A obra traz para o debate acadêmico a discussão, já travada no âmbito administrativo e judicial, acerca do instituto da recondução do servidor público estável ao cargo anteriormente ocupado, previsto na Constituição Federal e na Lei nº 8.112, de 1990.

Ao longo do tempo, essa forma de provimento, com feições de prerrogativa, tem encontrado interpretações divergentes nas diversas instâncias, o que acaba por gerar insegurança para os servidores e para a Administração Pública.

É possível ao servidor ser reconduzido a pedido? É possível ser reconduzido ao cargo federal após o exercício de cargo estadual? Qual o prazo para solicitar a recondução? Quais os diferentes tipos de recondução existentes? São algumas das questões que surgem antes da formalização ou já na fase de análise de pedidos de recondução.

A obra se propõe a responder questões como essas, não sem antes abordar o papel do servidor público como elemento humano da Administração e traçar histórico sobre os estágios da Administração Pública e sua evolução no Brasil.

Ademais, é realizado estudo do Regime Jurídico dos Servidores Públicos, com foco nas formas de provimento — gênero do qual a recondução é espécie — para permitir sua contextualização no regramento atual.

Essa visão geral do enquadramento da recondução, inclusive com o relato da sua evolução histórica ao longo das Constituições e Estatutos dos Servidores, contribui para o estudo das questões acima, que têm sido respondidas em diferentes sentidos ao longo do tempo.

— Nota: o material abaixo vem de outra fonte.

(* Let $(\xi_k)_{k\in\mathbb{N}}$ be i.i.d. exponential random variables with unit mean, $S_j=\xi_1+\dots+\xi_j$, and consider the associated Crump–Mode–Jagers process with $Y^{(j)}_m$ and $U_m(t)=t^m/m!$ as in the context. Let $k=k(t)$ be integer-valued with $k(t)\to\infty$ and $k(t)=o(t)$ as $t\to\infty$. Then $$\mathbb{E}\Big(\sum_{j\geq 1}\big(Y^{(j)}_{k-1}(t-S_j)-U_{k-1}(t-S_j)\big)\mathbf{1}_{\{S_j\leq t\}}\Big)^2\sim\frac{1}{4}\frac{t^{2k}}{(k!)^2}\Big(\frac{k}{t}\Big)^2,\qquad t\to\infty.$$
   Context: The CMJ process: at time $0$ there is one individual (the ancestor), which produces first-generation offspring at birth times given by the point process $\sum_{n\ge1}\delta_{S_n}$; each individual born at time $s$ produces its own children at times $s+$(points of an independent copy of this point process); all individuals act independently. For $m\in\mathbb{N}$, $Y_m(t)$ is the number of $m$-th generation individuals with birth times $\le t$, and $U_m(t):=\mathbb{E}Y_m(t)$, which equals $t^m/m!$ for $t\ge 0$ in the exponential case. For $j\in\mathbb{N}$ and $m\ge1$, $Y^{(j)}_m(t)$ is the number of $(m+1)$-st generation descendants of the first-generation individual born at time $S_j$ that are born in $[S_j,S_j+t]$; the processes $(Y^{(j)}_m(t))_{t\ge0}$, $j\in\mathbb{N}$, are independent copies of $(Y_m(t))_{t\ge0}$, independent of $(S_n)$. *)

theory Defs
  imports "HOL-Probability.Probability" "HOL-Library.Landau_Symbols"
begin

text \<open>Individuals are labelled by lists
  of positive naturals; the individual with label v has i.i.d. inter-birth times
  x v 0, x v 1, ...; its n-th child (n \<ge> 1) has label v @ [n] and is born
  cmj_S x v n = x v 0 + ... + x v (n-1) time units after v.\<close>

definition cmj_S :: "(nat list \<Rightarrow> nat \<Rightarrow> real) \<Rightarrow> nat list \<Rightarrow> nat \<Rightarrow> real" where
  "cmj_S x v n = (\<Sum>l<n. x v l)"

fun cmj_birth :: "(nat list \<Rightarrow> nat \<Rightarrow> real) \<Rightarrow> nat list \<Rightarrow> nat list \<Rightarrow> real" where
  "cmj_birth x v [] = 0"
| "cmj_birth x v (n # u) = cmj_S x v n + cmj_birth x (v @ [n]) u"

text \<open>Number of m-th generation descendants (relative to v) of v born within time t
  after the birth of v.  With v = [] this is Y_m(t); with v = [j] it is Y^(j)_m(t).\<close>
definition cmj_Y :: "(nat list \<Rightarrow> nat \<Rightarrow> real) \<Rightarrow> nat list \<Rightarrow> nat \<Rightarrow> real \<Rightarrow> real" where
  "cmj_Y x v m t = real (card {u. length u = m \<and> (\<forall>i\<in>set u. 1 \<le> i) \<and> cmj_birth x v u \<le> t})"

definition cmj_U :: "nat \<Rightarrow> real \<Rightarrow> real" where
  "cmj_U m t = t ^ m / fact m"

end

theory Submission
  imports Defs "HOL-Real_Asymp.Real_Asymp"
begin

(*
  All inter-birth times are realised as the coordinates of one product of Exp(1) laws,
  indexed by individual and birth rank.  The first-generation birth times S_1 < S_2 < ...
  then form a unit-rate Poisson process on [0, oo) independent of the subtrees of the
  children, so sums over the first generation obey Campbell-type formulas: their means are
  integrals over [0, oo), and sums over ordered pairs of distinct children are double
  integrals over the quadrant [0, oo)^2, because the products of Erlang densities of the two
  arrival times and of their gap sum to its indicator.

  Put m = k - 1, Y = sum_j Y^(j)_m (t - S_j) 1{S_j <= t} (this is Y_k(t)) and
  A = sum_j U_m (t - S_j) 1{S_j <= t}; the expectation in the theorem is E (Y - A)^2.
  The Campbell formulas give, by induction on the generation,
  E Y_k(t)^2 = sum_{i <= k} c(k, i) t^(2k - i) with c(k, i) = (2(k - i))! / ((k - i)!^2 (2k - i)!),
  and E[Y A] = E[A^2] = W(t), an explicit two-term polynomial.  Hence the expectation is
  sum_{n < m} c(k, n + 2) t^(2m - n).  Consecutive coefficients grow at most by the factor k,
  so for k = o(t) the sum is its first term up to a factor 1 + O(k/t), and the first term is
  2m/(2m - 1) times 1/4 t^(2k)/(k!)^2 (k/t)^2.
*)

section \<open>Sums, integrals and Erlang densities\<close>

lemma suminf_comm_ennreal:
  fixes f :: "nat \<Rightarrow> nat \<Rightarrow> ennreal"
  shows "(\<Sum>i. \<Sum>j. f i j) = (\<Sum>j. \<Sum>i. f i j)"
proof -
  have "(\<Sum>i. \<Sum>j. f i j) = (\<Sum>i. \<integral>\<^sup>+j. f i j \<partial>count_space UNIV)"
    by (simp add: nn_integral_count_space_nat)
  also have "\<dots> = (\<integral>\<^sup>+j. (\<Sum>i. f i j) \<partial>count_space UNIV)"
    by (rule nn_integral_suminf[symmetric]) simp
  also have "\<dots> = (\<Sum>j. \<Sum>i. f i j)"
    by (simp add: nn_integral_count_space_nat)
  finally show ?thesis .
qed

lemma suminf_mult_suminf_ennreal:
  fixes a b :: "nat \<Rightarrow> ennreal"
  shows "(\<Sum>i. a i) * (\<Sum>i. b i) = (\<Sum>i. a i * b i) +
    (\<Sum>i. \<Sum>i'. if i < i' then a i * b i' else 0) + (\<Sum>i. \<Sum>i'. if i < i' then b i * a i' else 0)"
proof -
  have row: "(\<Sum>i'. a i * b i') = a i * b i +
      (\<Sum>i'. if i < i' then a i * b i' else 0) + (\<Sum>i'. if i' < i then a i * b i' else 0)" for i
  proof -
    have "(\<Sum>i'. a i * b i') = (\<Sum>i'. (if i' = i then a i * b i' else 0) +
        (if i < i' then a i * b i' else 0) + (if i' < i then a i * b i' else 0))"
      by (intro suminf_cong) auto
    also have "\<dots> = (\<Sum>i'. if i' = i then a i * b i' else 0) +
        (\<Sum>i'. if i < i' then a i * b i' else 0) + (\<Sum>i'. if i' < i then a i * b i' else 0)"
      by (simp add: suminf_add)
    also have "(\<Sum>i'. if i' = i then a i * b i' else 0) = a i * b i"
      by (subst suminf_finite[of "{i}"]) auto
    finally show ?thesis .
  qed
  have "(\<Sum>i. a i) * (\<Sum>i. b i) = (\<Sum>i. \<Sum>i'. a i * b i')"
    by (subst ennreal_suminf_multc[symmetric]) (simp only: ennreal_suminf_cmult[symmetric])
  also have "\<dots> = (\<Sum>i. a i * b i + (\<Sum>i'. if i < i' then a i * b i' else 0) +
      (\<Sum>i'. if i' < i then a i * b i' else 0))"
    by (simp only: row)
  also have "\<dots> = (\<Sum>i. a i * b i) + (\<Sum>i. \<Sum>i'. if i < i' then a i * b i' else 0) +
      (\<Sum>i. \<Sum>i'. if i' < i then a i * b i' else 0)"
    by (simp add: suminf_add)
  also have "(\<Sum>i. \<Sum>i'. if i' < i then a i * b i' else 0) = (\<Sum>i. \<Sum>i'. if i < i' then b i * a i' else 0)"
    by (subst suminf_comm_ennreal) (intro suminf_cong, simp add: mult.commute)
  finally show ?thesis .
qed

Fruto de estudo dedicado, esta obra pretende delinear os contornos da recondução, contribuindo para a tomada de decisão por potenciais beneficiários, aplicadores e intérpretes da lei, quando enfrentarem a utilização concreta do instituto, e para os estudos dos interessados nesse tema que, apesar de aparentemente simples, reveste-se de grande importância na vida dos servidores públicos que dele se utilizam e dos entes nos quais exercem suas funções.

Sobre o autor

Alex Cavalcante Alves, natural de Brasília/DF, é bacharel em Direito e Comunicação Social pelo Centro Universitário de Brasília. Servidor público de carreira da Agência Nacional de Energia Elétrica — ANEEL, onde atua na instrução de processos relacionados a temas de Administração Pública e Direito Administrativo, exerceu anteriormente os cargos de Assistente Parlamentar do Senado Federal, Oficial de Chancelaria do Ministério das Relações Exteriores e Analista Judiciário do Superior Tribunal de Justiça.

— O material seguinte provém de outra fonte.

(* Let $S$ be a profinite semigroup and let $\mathscr F$ be a fundamental system of entourages for $S$ consisting of open fully invariant congruences. For $\rho\in\mathscr F$, let $r_\rho\colon \operatorname{End} S\to \operatorname{End}(S/\rho)$ be the natural map sending $f$ to the induced endomorphism $[s]_\rho\mapsto [f(s)]_\rho$. Then $r_\rho$ is continuous (with $\operatorname{End} S$ carrying the compact-open topology), so its kernel $\widehat\rho=\{(f,g): r_\rho(f)=r_\rho(g)\}$ is an open congruence on $\operatorname{End} S$. Setting $\widehat{\mathscr F}=\{\widehat\rho\mid \rho\in\mathscr F\}$, one has $$\operatorname{End} S\cong \varprojlim_{\widehat\rho\in\widehat{\mathscr F}} \operatorname{End} S/\widehat\rho .$$ Analogously, if $\mathscr F$ is a fundamental system of entourages for $S$ consisting of open characteristic congruences, then the corresponding maps $r_\rho\colon\operatorname{Aut} S\to\operatorname{Aut}(S/\rho)$ are continuous, their kernels $\widehat\rho$ are open congruences on $\operatorname{Aut} S$, and $\operatorname{Aut} S\cong\varprojlim_{\widehat\rho\in\widehat{\mathscr F}}\operatorname{Aut} S/\widehat\rho$.
   Context: $\operatorname{End} S$ is the monoid of continuous endomorphisms and $\operatorname{Aut} S$ the group of continuous automorphisms of $S$, with the compact-open topology. A congruence $\rho$ on $S$ is open if it is an open subset of $S\times S$; fully invariant if for every continuous endomorphism $f$ of $S$, $(x,y)\in\rho$ implies $(f(x),f(y))\in\rho$; characteristic if the same holds for every continuous automorphism $f$. A fundamental system of entourages for $S$ is a family of such congruences such that every open congruence on $S$ contains one of them. The projective limit is taken over $\widehat{\mathscr F}$ ordered by inclusion, with the natural quotient maps, and the isomorphism is induced by the canonical maps $\operatorname{End} S\to \operatorname{End} S/\widehat\rho$. *)

theory Defs
  imports "HOL-Analysis.Analysis"
begin

definition topsemigroup :: "'a topology \<Rightarrow> ('a \<Rightarrow> 'a \<Rightarrow> 'a) \<Rightarrow> bool" where
  "topsemigroup T m \<longleftrightarrow>
     (\<forall>x\<in>topspace T. \<forall>y\<in>topspace T. m x y \<in> topspace T) \<and>
     (\<forall>x\<in>topspace T. \<forall>y\<in>topspace T. \<forall>z\<in>topspace T. m (m x y) z = m x (m y z)) \<and>
     continuous_map (prod_topology T T) T (\<lambda>(x, y). m x y)"

definition congruence :: "'a set \<Rightarrow> ('a \<Rightarrow> 'a \<Rightarrow> 'a) \<Rightarrow> 'a rel \<Rightarrow> bool" where
  "congruence A m \<rho> \<longleftrightarrow> equiv A \<rho> \<and>
     (\<forall>(x, y)\<in>\<rho>. \<forall>z\<in>A. (m z x, m z y) \<in> \<rho> \<and> (m x z, m y z) \<in> \<rho>)"

definition open_congruence :: "'a topology \<Rightarrow> ('a \<Rightarrow> 'a \<Rightarrow> 'a) \<Rightarrow> 'a rel \<Rightarrow> bool" where
  "open_congruence T m \<rho> \<longleftrightarrow> congruence (topspace T) m \<rho> \<and> openin (prod_topology T T) \<rho>"

text \<open>Profinite semigroup: compact Hausdorff topological semigroup which is residually
  finite, i.e. open congruences (which have finite index, by compactness) separate points.\<close>

definition profinite :: "'a topology \<Rightarrow> ('a \<Rightarrow> 'a \<Rightarrow> 'a) \<Rightarrow> bool" where
  "profinite T m \<longleftrightarrow> topsemigroup T m \<and> compact_space T \<and> Hausdorff_space T \<and>
     (\<forall>x\<in>topspace T. \<forall>y\<in>topspace T. x \<noteq> y \<longrightarrow>
        (\<exists>\<rho>. open_congruence T m \<rho> \<and> (x, y) \<notin> \<rho>))"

Em sua atuação como servidor público, já participou da missão conjunta entre a Câmara dos Deputados e o Ministério das Relações Exteriores para verificar a situação dos brasileiros na Guiana Francesa (2007), do escritório de apoio às autoridades brasileiras durante a Conferência Mundial sobre Mudanças Climáticas (COP-15), na Dinamarca, e, na condição de delegado brasileiro, na Mesa Redonda de Reguladores de Energia do G-20, em Kazan, Rússia (2013) e na reunião do Grupo de Trabalho de Sustentabilidade Energética do G-20 (ESWG), em Istambul, Turquia (2015).

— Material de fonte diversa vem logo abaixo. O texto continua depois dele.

definition vavg :: "nat \<Rightarrow> (nat \<Rightarrow> real) \<Rightarrow> nat \<Rightarrow> (nat \<Rightarrow> real vec) \<Rightarrow> real vec" where
  "vavg nv w N a = vec N (\<lambda>i. \<Sum>k<nv. w k * (a k $ i))"

end

theory Submission
  imports Defs
begin

text \<open>
  The energy method. Write H for the space-time norm H_t (x) I_3 (x) H_x. Testing an equation of
  the scheme against u^T H turns the time derivative into the boundary form
  1/2 u^T M_T u - 1/2 u^T M_B u (SBP property of D_t), makes the spatial operator skew
  (H D_x = H_t (x) Q^G_x, and the periodic interface blocks of Q^G_x cancel the boundary part
  of Q_x), and turns the SAT into u^T M_B (u - u(0)), which is bounded below by
  1/2 u^T M_B u - 1/2 u(0)^T M_B u(0).

  Averaging the kinetic equations over the velocities, <1> = 1 and <v> = 0 make the transport
  terms cancel, so <g> solves a dissipative homogeneous problem with zero initial data and
  vanishes. Testing the density equation with rho and the kinetic equations with eps^2 g_k and
  averaging, the couplings then cancel: the terms g_k^T H <v D_x g> average to zero because
  <g> = 0, and rho^T H D_x <v g> cancels <v g^T H D_x rho> by skew-symmetry; absorption and
  scattering only dissipate.
\<close>

section \<open>Kronecker products\<close>

lemma kron_carrier [simp]:
  "kron A B \<in> carrier_mat (dim_row A * dim_row B) (dim_col A * dim_col B)"
  "dim_row (kron A B) = dim_row A * dim_row B" "dim_col (kron A B) = dim_col A * dim_col B"
  by (simp_all add: kron_def)

lemma kron_carrier_mat:
  "A \<in> carrier_mat m n \<Longrightarrow> B \<in> carrier_mat p q \<Longrightarrow> kron A B \<in> carrier_mat (m * p) (n * q)"
  by auto

lemma index_kron [simp]:
  "i < dim_row A * dim_row B \<Longrightarrow> j < dim_col A * dim_col B \<Longrightarrow>
   kron A B $$ (i, j) = A $$ (i div dim_row B, j div dim_col B) * B $$ (i mod dim_row B, j mod dim_col B)"
  by (simp add: kron_def)

lemma div_mod_less_mult: "i < m * (q::nat) \<Longrightarrow> i div q < m \<and> i mod q < q"
  by (metis less_mult_imp_div_less mod_less_divisor mult_zero_right not_less_zero gr0I)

Publicou diversos artigos sobre gestão e políticas públicas em jornais, sítios eletrônicos e publicações técnicas. Tem interesse nas áreas de Administração Pública, Direito Administrativo, Ciência Política, Comunicação Social e Relações Internacionais.

Mantém, desde 2007, um blog especializado em assuntos de gestão pública. Em 2013, fundou o Movimento Gestão Pública Eficiente — MGPE (acesse aqui), iniciativa que reúne cidadãos interessados na melhoria da qualidade da Administração Pública no Brasil.